The village of Samibhanjyang has the lowest altitude of the CAIRN villages, situated at 1066 meters above sea level and in the Lamjung district. The climate is cold in winter and hot and wet in the summer monsoon season. The village is 65 kilometers from the nearest town, Pokhara, or four hours drive on a local bus. There is a gravel road to the village which becomes impassable during the rainy season due to floods and landslides. The village itself has a few shops and is actually located at the crossroads of paths crossing a saddle in the mountains.
The village is made up of approximately 700 people, with 185 children between the ages of 6 and 16 years. The majority of villagers rely on subsistence agriculture, with a small minority in service industries. Paddy, millet, maize and wheat are the main staple crops produced, with domesticated animals raised for dairy products meat and manure.Although most households are engaged in full time farming food, only 18% produce sufficient food for their needs. Approximately 10% of the villagers live below the absolute poverty line.
Home and Family
Most of the houses within the village are two-story structures made of local materials, such as stones, mud and timber. Since the village is relatively is close to urban areas and has access to a motorable road, several newer houses have been made with cement and iron. Unlike other villages within the area, the majority of houses also have a separate kitchen which helps to create a clean indoor environment and better health particularly for women and children. Also unusually a high proportion 86%, of households have lavatories! Nepal is one of the richest countries in the world in terms of water resources. However, the large majority of people across the country do not have clean drinking water and water is a problem in the dry weather. In this village there are sufficient sources of drinking water, but the village still experiences a lack of supply during the dry season. The village does not have electricity, and very few villagers have solar panels to provide lighting. Firewood is the main energy source for cooking and heating. In Samibhajyang marriage is socially and culturally accepted from the age of 16-18, with women giving birth of the first child one or two years after their marriage. Dowries are not compulsory, but are prevalent in the village.

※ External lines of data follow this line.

(* Let $\mathcal{G}$ be the ladder graph. For every $\overline p\in(2,\infty)$ and every $\lambda>0$, $\lim_{p\to\overline p}\mathcal J_{p,\mathcal{G}}(\lambda)=\mathcal J_{\overline p,\mathcal{G}}(\lambda)$.
   Context: The ladder graph is the metric graph embedded in $\mathbb{R}^2$ with vertices $(k,0),(k,1)$, $k\in\mathbb{Z}$, and edges $[k,k+1]\times\{0\}$, $[k,k+1]\times\{1\}$, $\{k\}\times[0,1]$, all of length 1. $H^1(\mathcal{G})$: continuous functions, $H^1$ on each edge. For $p>2$, $\lambda\in\mathbb{R}$: $J_{p,\lambda}(v,\mathcal{G})=\frac12\|v'\|_2^2+\frac\lambda2\|v\|_2^2-\frac1p\|v\|_p^p$; $\mathcal N_{p,\lambda}(\mathcal{G})=\{v\in H^1(\mathcal{G})\setminus\{0\}:\|v'\|_2^2+\lambda\|v\|_2^2=\|v\|_p^p\}$; $\mathcal J_{p,\mathcal{G}}(\lambda)=\inf_{\mathcal N_{p,\lambda}(\mathcal{G})}J_{p,\lambda}(\cdot,\mathcal{G})$. *)

theory Defs
  imports "HOL-Analysis.Analysis"
begin

datatype ladder_edge = Bot int | Top int | Rung int

fun edge_path :: "ladder_edge \<Rightarrow> real \<Rightarrow> real \<times> real" where
  "edge_path (Bot k) t = (of_int k + t, 0)"
| "edge_path (Top k) t = (of_int k + t, 1)"
| "edge_path (Rung k) t = (of_int k, t)"

definition ladder :: "(real \<times> real) set" where
  "ladder = (\<Union>e. edge_path e ` {0..1})"

definition is_weak_deriv01 :: "(real \<Rightarrow> real) \<Rightarrow> (real \<Rightarrow> real) \<Rightarrow> bool" where
  "is_weak_deriv01 f g \<longleftrightarrow>
     set_integrable lborel {0..1} g \<and>
     set_integrable lborel {0..1} (\<lambda>t. (g t)\<^sup>2) \<and>
     (\<forall>t\<in>{0..1}. f t = f 0 + (LBINT s=0..t. g s))"

definition H1_01 :: "(real \<Rightarrow> real) \<Rightarrow> bool" where
  "H1_01 f \<longleftrightarrow> (\<exists>g. is_weak_deriv01 f g)"

definition deriv01 :: "(real \<Rightarrow> real) \<Rightarrow> real \<Rightarrow> real" where
  "deriv01 f = (SOME g. is_weak_deriv01 f g)"

text \<open>Functions on the ladder are represented as functions on the plane; only
  their values on the ladder matter. Continuity at vertices is automatic.\<close>

definition L2sq :: "(real \<times> real \<Rightarrow> real) \<Rightarrow> real" where
  "L2sq v = (\<Sum>\<^sub>\<infinity>e. LBINT t=0..1. (v (edge_path e t))\<^sup>2)"

definition Lpp :: "real \<Rightarrow> (real \<times> real \<Rightarrow> real) \<Rightarrow> real" where
  "Lpp p v = (\<Sum>\<^sub>\<infinity>e. LBINT t=0..1. \<bar>v (edge_path e t)\<bar> powr p)"

definition D2sq :: "(real \<times> real \<Rightarrow> real) \<Rightarrow> real" where
  "D2sq v = (\<Sum>\<^sub>\<infinity>e. LBINT t=0..1. (deriv01 (v \<circ> edge_path e) t)\<^sup>2)"

definition H1_ladder :: "(real \<times> real \<Rightarrow> real) \<Rightarrow> bool" where
  "H1_ladder v \<longleftrightarrow>
     (\<forall>e. H1_01 (v \<circ> edge_path e)) \<and>
     (\<lambda>e. LBINT t=0..1. (v (edge_path e t))\<^sup>2) summable_on UNIV \<and>
     (\<lambda>e. LBINT t=0..1. (deriv01 (v \<circ> edge_path e) t)\<^sup>2) summable_on UNIV"

definition J_action :: "real \<Rightarrow> real \<Rightarrow> (real \<times> real \<Rightarrow> real) \<Rightarrow> real" where
  "J_action p lam v = D2sq v / 2 + lam / 2 * L2sq v - Lpp p v / p"

definition Nehari :: "real \<Rightarrow> real \<Rightarrow> (real \<times> real \<Rightarrow> real) set" where
  "Nehari p lam = {v. H1_ladder v \<and> (\<exists>x\<in>ladder. v x \<noteq> 0) \<and>
                     D2sq v + lam * L2sq v = Lpp p v}"

definition ground_level :: "real \<Rightarrow> real \<Rightarrow> real" where
  "ground_level p lam = (INF v\<in>Nehari p lam. J_action p lam v)"

end

(*
  On the Nehari manifold of exponent p the action is J = (1/2 - 1/p) Q with
  Q v = |v'|^2 + lam |v|^2, and every nonzero v has a multiple on the Nehari manifold of any
  other exponent q, with action (1/2 - 1/q) (Q v / |v|_q^q) powr (2/(q-2)) Q v.  Hence a bound
  beta Q v <= |v|_q^q for the almost minimisers v of exponent r yields
  J_q <= (1/2 - 1/q) / (1/2 - 1/r) beta powr (-2/(q-2)) J_r.
  For q < r the uniform sup bound M of almost minimisers (H^1 embeds into L^infinity edgewise,
  uniformly along the ladder) gives beta = M powr (q - r); for q > r splitting |v| at the level
  delta = q - r gives beta = delta powr (q - r) (1 - delta powr (r - 2) / lam).  Both factors
  tend to 1 as q tends to r.
*)

theory Submission
  imports Defs "HOL-Real_Asymp.Real_Asymp"
begin

lemma abs_le_sq_plus_one: "\<bar>a::real\<bar> \<le> a\<^sup>2 + 1"
proof -
  have "0 \<le> (\<bar>a\<bar> - 1)\<^sup>2"
    by simp
  also have "\<dots> = a\<^sup>2 - 2 * \<bar>a\<bar> + 1"
    by (simp add: power2_eq_square algebra_simps)
  finally show ?thesis
    using abs_ge_zero[of a] by linarith
qed

lemma powr_abs_two: "\<bar>y::real\<bar> powr 2 = y\<^sup>2"
  by (cases "y = 0") (simp_all add: powr_numeral)

lemma powr_ge_of_abs_le:
  fixes y :: real
  assumes "\<bar>y\<bar> \<le> M" "0 < q" "q \<le> r"
  shows "M powr (q - r) * \<bar>y\<bar> powr r \<le> \<bar>y\<bar> powr q"
proof (cases "y = 0")
  case False
  have "M powr (q - r) \<le> \<bar>y\<bar> powr (q - r)"
    using False assms by (intro powr_mono2') auto
  then have "M powr (q - r) * \<bar>y\<bar> powr r \<le> \<bar>y\<bar> powr (q - r) * \<bar>y\<bar> powr r"
    by (rule mult_right_mono) simp
  also have "\<dots> = \<bar>y\<bar> powr q"
    by (simp add: powr_add[symmetric])
  finally show ?thesis .
qed (use assms in simp)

Education Within the Village
There are four primary schools in the immediate area, one lower-secondary, and one secondary school, which contributes to a quite low village illiteracy rate of 20%. The Samjhana Secondary School – which is funded by Thomas’s Battersea educates 222 students from pre-primary to Class 10, with slightly more girls than boys. Built in 1998, it was the first one completed by any of the Thomas’s Schools. The land on which it stands was donated by one of the villagers, and the whole village contributed labour for quarrying stone, breaking stone for aggregate and carrying sand up from the river below. In those days there was no road to the village. The school is large, with a total of 15 large classrooms within the school, allowing the school to accommodate a considerable number of students. This school is well located and has a large play ground, toilets and drinking water. The school compound is very well fenced and there are good educational materials and supplies. The school is open from 10 am to 4 pm from Sunday to Thursday and 10 am to 1pm on Fridays, and is closed on Saturdays and public holidays. English is a compulsory at the school. There are currently 15 teachers employed at the school, of which 11 are from the local community. The teachers from the school report that student attendance is good. Though the teacher attendance is also reported to be good, some classes are experiencing difficulty in completing the School Leaving Certificate (SLC), with pass rates only being between 10-15%. The CAIRN Trust will continue to monitor this situation.